lemma underlying_edges_arcs_of:
  assumes h: "unit_hermitian n M"
  shows "underlying_edges (arcs_of n M) = support n M"
proof (rule Set.set_eqI)
  fix e :: "nat \<times> nat"
  obtain u v where e: "e = (u, v)" by fastforce
  show "e \<in> underlying_edges (arcs_of n M) \<longleftrightarrow> e \<in> support n M"
  proof (cases "u < n \<and> v < n")
    case True
    then have u: "u < n" and v: "v < n" by auto
    have "e \<in> underlying_edges (arcs_of n M) \<longleftrightarrow> M $$ (u, v) = \<i> \<or> M $$ (u, v) = - \<i>"
      using arcs_of_iff_entry[OF h u v] unfolding e underlying_edges_def by auto
    then show ?thesis
      using unit_hermitianD(1)[OF h u v] u v unfolding e support_def by auto
  next
    case False
    then show ?thesis unfolding e underlying_edges_def support_def arcs_of_def by auto
  qed
qed

lemma und_connected_if_reachable_from_0:
  assumes reach: "\<forall>u<n. (0, u) \<in> (underlying_edges A)\<^sup>*"
  shows "und_connected n A"
  unfolding und_connected_def
proof (intro allI impI)
  fix x y assume "x < n" "y < n"
  have "(underlying_edges A)\<inverse> = underlying_edges A"
    unfolding underlying_edges_def by auto
  then have "(x, 0) \<in> (underlying_edges A)\<^sup>*"
    using reach \<open>x < n\<close> rtrancl_converseI[of 0 x "underlying_edges A"] by simp
  then have "(x, y) \<in> (underlying_edges A)\<^sup>*"
    using reach \<open>y < n\<close> by (blast intro: rtrancl_trans)
  then show "\<exists>k. (x, y) \<in> underlying_edges A ^^ k" by (simp add: rtrancl_power)
qed
(* Let $G\neq K_4$ be a connected, claw-free cubic graph all of whose units are triangle-units. Then there exists an independent set in $G$ that contains a vertex from every triangle of $G$.
   Context: A graph is claw-free if it has no induced subgraph isomorphic to $K_{1,3}$; it is cubic if every vertex has degree $3$. A diamond is an induced subgraph isomorphic to $K_4$ minus one edge. For a connected, claw-free, cubic graph $G\neq K_4$, the vertex set $V(G)$ can be uniquely partitioned into sets each of which induces a triangle or a diamond in $G$; the parts are called units, a triangle-unit being a part inducing a triangle and a diamond-unit a part inducing a diamond. *)

theory Defs
  imports Main
begin

definition simple_graph :: "'a set \<Rightarrow> ('a \<Rightarrow> 'a \<Rightarrow> bool) \<Rightarrow> bool" where
  "simple_graph V E \<longleftrightarrow> finite V \<and> (\<forall>x y. E x y \<longrightarrow> x \<in> V \<and> y \<in> V)
     \<and> (\<forall>x y. E x y \<longrightarrow> E y x) \<and> (\<forall>x. \<not> E x x)"

definition connected_graph :: "'a set \<Rightarrow> ('a \<Rightarrow> 'a \<Rightarrow> bool) \<Rightarrow> bool" where
  "connected_graph V E \<longleftrightarrow> V \<noteq> {} \<and> (\<forall>x\<in>V. \<forall>y\<in>V. E\<^sup>*\<^sup>* x y)"

definition nbhd :: "'a set \<Rightarrow> ('a \<Rightarrow> 'a \<Rightarrow> bool) \<Rightarrow> 'a \<Rightarrow> 'a set" where
  "nbhd V E v = {u \<in> V. E v u}"

definition cubic :: "'a set \<Rightarrow> ('a \<Rightarrow> 'a \<Rightarrow> bool) \<Rightarrow> bool" where
  "cubic V E \<longleftrightarrow> (\<forall>v\<in>V. card (nbhd V E v) = 3)"

definition claw_free :: "'a set \<Rightarrow> ('a \<Rightarrow> 'a \<Rightarrow> bool) \<Rightarrow> bool" where
  "claw_free V E \<longleftrightarrow> \<not> (\<exists>v\<in>V. \<exists>a b c. a \<in> nbhd V E v \<and> b \<in> nbhd V E v \<and> c \<in> nbhd V E v
      \<and> a \<noteq> b \<and> a \<noteq> c \<and> b \<noteq> c \<and> \<not> E a b \<and> \<not> E a c \<and> \<not> E b c)"

definition is_K4 :: "'a set \<Rightarrow> ('a \<Rightarrow> 'a \<Rightarrow> bool) \<Rightarrow> bool" where
  "is_K4 V E \<longleftrightarrow> card V = 4 \<and> (\<forall>x\<in>V. \<forall>y\<in>V. x \<noteq> y \<longrightarrow> E x y)"

definition induced_edges :: "('a \<Rightarrow> 'a \<Rightarrow> bool) \<Rightarrow> 'a set \<Rightarrow> 'a set set" where
  "induced_edges E U = {{x, y} | x y. x \<in> U \<and> y \<in> U \<and> E x y}"

definition induces_triangle :: "('a \<Rightarrow> 'a \<Rightarrow> bool) \<Rightarrow> 'a set \<Rightarrow> bool" where
  "induces_triangle E U \<longleftrightarrow> card U = 3 \<and> (\<forall>x\<in>U. \<forall>y\<in>U. x \<noteq> y \<longrightarrow> E x y)"

text \<open>U induces a diamond, i.e. K4 minus one edge: 4 vertices, exactly 5 edges.\<close>
definition induces_diamond :: "('a \<Rightarrow> 'a \<Rightarrow> bool) \<Rightarrow> 'a set \<Rightarrow> bool" where
  "induces_diamond E U \<longleftrightarrow> card U = 4 \<and> card (induced_edges E U) = 5"

definition unit_partition :: "'a set \<Rightarrow> ('a \<Rightarrow> 'a \<Rightarrow> bool) \<Rightarrow> 'a set set \<Rightarrow> bool" where
  "unit_partition V E P \<longleftrightarrow> \<Union>P = V \<and> (\<forall>A\<in>P. \<forall>B\<in>P. A \<noteq> B \<longrightarrow> A \<inter> B = {})
     \<and> (\<forall>U\<in>P. induces_triangle E U \<or> induces_diamond E U)"
definition swap_cost :: "(real \<Rightarrow> nat \<Rightarrow> real) \<Rightarrow> real" where
  "swap_cost l = l 0 1 + l 1 0 - l 0 0 - l 1 1"

lemma proper_ruleD:
  assumes "proper_rule l" "q \<in> {0..1}" "p \<in> {0..1}"
  shows "exp_loss l q q \<le> exp_loss l p q"
  using assms unfolding proper_rule_def by blast

lemma proper_rule_loss0_ge:
  assumes "proper_rule l" "q \<in> {0..1}"
  shows "l 0 0 \<le> l q 0"
  using proper_ruleD[OF assms(1) _ assms(2), of 0] by (simp add: exp_loss_def)

lemma proper_rule_loss1_ge:
  assumes "proper_rule l" "q \<in> {0..1}"
  shows "l 1 1 \<le> l q 1"
  using proper_ruleD[OF assms(1) _ assms(2), of 1] by (simp add: exp_loss_def)

lemma risk_gap_nonneg:
  assumes "proper_rule l" "q \<in> {0..1}"
  shows "0 \<le> risk_gap l q"
proof -
  have "(1 - q) * l 0 0 \<le> (1 - q) * l q 0" "q * l 1 1 \<le> q * l q 1"
    using assms proper_rule_loss0_ge proper_rule_loss1_ge by (auto intro: mult_left_mono)
  then show ?thesis by (simp add: risk_gap_def exp_loss_def)
qed

lemma risk_gap_le_swap_cost:
  assumes "proper_rule l" "q \<in> {0..1}"
  shows "risk_gap l q \<le> q * swap_cost l"
proof -
  have "exp_loss l q q \<le> (1 - q) * l 0 0 + q * l 0 1"
    using proper_ruleD[OF assms, of 0] by (simp add: exp_loss_def)
  moreover have "q * l 0 0 \<le> q * l 1 0"
    using assms proper_rule_loss0_ge[OF assms(1), of 1] by (auto intro: mult_left_mono)
  ultimately show ?thesis by (simp add: risk_gap_def swap_cost_def algebra_simps)
qed

lemma swap_cost_pos:
  assumes "proper_rule l" "risk_gap l (1/2) > 0"
  shows "0 < swap_cost l"
  using assms risk_gap_le_swap_cost[OF assms(1), of "1/2"] by simp

lemma risk_gap_ge_half:
  assumes "proper_rule l" "q \<in> {0..1/2}"
  shows "2 * q * risk_gap l (1/2) \<le> risk_gap l q"
proof -
  have "exp_loss l q q = (1 - 2 * q) * l q 0 + 2 * q * exp_loss l q (1/2)"
    by (simp add: exp_loss_def algebra_simps)
  moreover have "(1 - 2 * q) * l 0 0 \<le> (1 - 2 * q) * l q 0"
    using assms proper_rule_loss0_ge[OF assms(1), of q] by (auto intro: mult_left_mono)
  moreover have "2 * q * exp_loss l (1/2) (1/2) \<le> 2 * q * exp_loss l q (1/2)"
    using assms proper_ruleD[OF assms(1), of "1/2" q] by (auto intro: mult_left_mono)
  ultimately show ?thesis by (simp add: risk_gap_def exp_loss_def algebra_simps)
qed

lemma risk_gap_half_eq_0D:
  assumes "proper_rule l" "risk_gap l (1/2) = 0"
  shows "l (1/2) 0 = l 0 0"
  using assms proper_rule_loss0_ge[OF assms(1), of "1/2"] proper_rule_loss1_ge[OF assms(1), of "1/2"]
  by (simp add: risk_gap_def exp_loss_def)

definition brier_loss :: "real \<Rightarrow> nat \<Rightarrow> real" where
  "brier_loss p x = (p - real x)\<^sup>2"

lemma proper_brier_loss: "proper_rule brier_loss"
  unfolding proper_rule_def
proof (intro ballI)
  fix p p' :: real
  have "exp_loss brier_loss p' p - exp_loss brier_loss p p = (p' - p)\<^sup>2"
    by (simp add: exp_loss_def brier_loss_def power2_eq_square algebra_simps)
  then show "exp_loss brier_loss p p \<le> exp_loss brier_loss p' p"
    by (metis diff_ge_0_iff_ge zero_le_power2)
qed

definition miss_loss :: "real \<Rightarrow> nat \<Rightarrow> real" where
  "miss_loss p x = (if (p = 0 \<and> x = 1) \<or> (p = 1 \<and> x = 0) then 1 else 0)"

lemma proper_miss_loss: "proper_rule miss_loss"
  unfolding proper_rule_def exp_loss_def miss_loss_def by auto

lemma swap_cost_miss_loss: "swap_cost miss_loss = 2"
  by (simp add: swap_cost_def miss_loss_def)

lemma risk_gap_miss_loss:
  assumes "0 < q" "q < 1"
  shows "risk_gap miss_loss q = 0"
  using assms by (simp add: risk_gap_def exp_loss_def miss_loss_def)

definition first_ones :: "nat \<Rightarrow> nat \<Rightarrow> nat" where
  "first_ones h t = (if t < h then 1 else 0)"

definition swapped_forecast :: "nat \<Rightarrow> nat \<Rightarrow> nat \<Rightarrow> real" where
  "swapped_forecast m h t = (if m \<le> t \<and> t < h + m then 1 else 0)"

lemma sum_first_ones:
  fixes f :: "nat \<Rightarrow> real"
  assumes "h \<le> T"
  shows "(\<Sum>t<T. f (first_ones h t)) = real h * f 1 + real (T - h) * f 0"
proof -
  have "(\<Sum>t<T. f (first_ones h t)) =
      (\<Sum>t\<in>{0..<h}. f (first_ones h t)) + (\<Sum>t\<in>{h..<T}. f (first_ones h t))"
    using assms by (simp add: lessThan_atLeast0 sum.atLeastLessThan_concat)
  also have "\<dots> = (\<Sum>t\<in>{0..<h}. f 1) + (\<Sum>t\<in>{h..<T}. f 0)"
    by (intro arg_cong2[where f = "(+)"] sum.cong) (auto simp: first_ones_def)
  finally show ?thesis by simp
qed

lemma base_rate_first_ones:
  assumes "h \<le> T"
  shows "base_rate T (first_ones h) = real h / real T"
  using sum_first_ones[OF assms, of real] by (simp add: base_rate_def)

lemma sum_swapped_forecast:
  fixes f :: "real \<Rightarrow> nat \<Rightarrow> real"
  assumes "m \<le> h" "h + m \<le> T"
  shows "(\<Sum>t<T. f (swapped_forecast m h t) (first_ones h t)) =
    real m * swap_cost f + real h * f 1 1 + real (T - h) * f 0 0"
proof -
  let ?g = "\<lambda>t. f (swapped_forecast m h t) (first_ones h t)"
  have "(\<Sum>t<T. ?g t) = sum ?g {0..<m} + sum ?g {m..<h} + sum ?g {h..<h + m} + sum ?g {h + m..<T}"
    using assms by (simp add: lessThan_atLeast0 sum.atLeastLessThan_concat)
  also have "\<dots> = (\<Sum>t\<in>{0..<m}. f 0 1) + (\<Sum>t\<in>{m..<h}. f 1 1) + (\<Sum>t\<in>{h..<h + m}. f 1 0)
      + (\<Sum>t\<in>{h + m..<T}. f 0 0)"
    using assms
    by (intro arg_cong2[where f = "(+)"] sum.cong) (auto simp: swapped_forecast_def first_ones_def)
  finally show ?thesis
    using assms by (simp add: swap_cost_def of_nat_diff algebra_simps)
qed

lemma regret_swapped_forecast:
  assumes "m \<le> h" "h + m \<le> T"
  shows "regret l T (swapped_forecast m h) (first_ones h) =
    real m * swap_cost l - real T * risk_gap l (real h / real T)"
proof -
  define \<beta> where "\<beta> = real h / real T"
  have h_eq: "real T * \<beta> = real h"
    using assms by (cases "T = 0") (auto simp: \<beta>_def)
  have "(\<Sum>t<T. l (swapped_forecast m h t) (first_ones h t)) =
      real m * swap_cost l + real T * ((1 - \<beta>) * l 0 0 + \<beta> * l 1 1)"
    using sum_swapped_forecast[OF assms, of l] assms by (simp add: of_nat_diff algebra_simps flip: h_eq)
  moreover have "(\<Sum>t<T. l \<beta> (first_ones h t)) = real T * exp_loss l \<beta> \<beta>"
    using sum_first_ones[of h T "l \<beta>"] assms by (simp add: exp_loss_def of_nat_diff algebra_simps flip: h_eq)
  ultimately show ?thesis
    using base_rate_first_ones[of h T] assms
    by (simp add: regret_def risk_gap_def \<beta>_def[symmetric] algebra_simps)
qed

#### [Exercise objective]
A complete answer reproduces every line of the records in which the word "fixes" occurs.

#### [Solution to this exercise]
  fixes f :: "nat \<Rightarrow> real"
  fixes f :: "real \<Rightarrow> nat \<Rightarrow> real"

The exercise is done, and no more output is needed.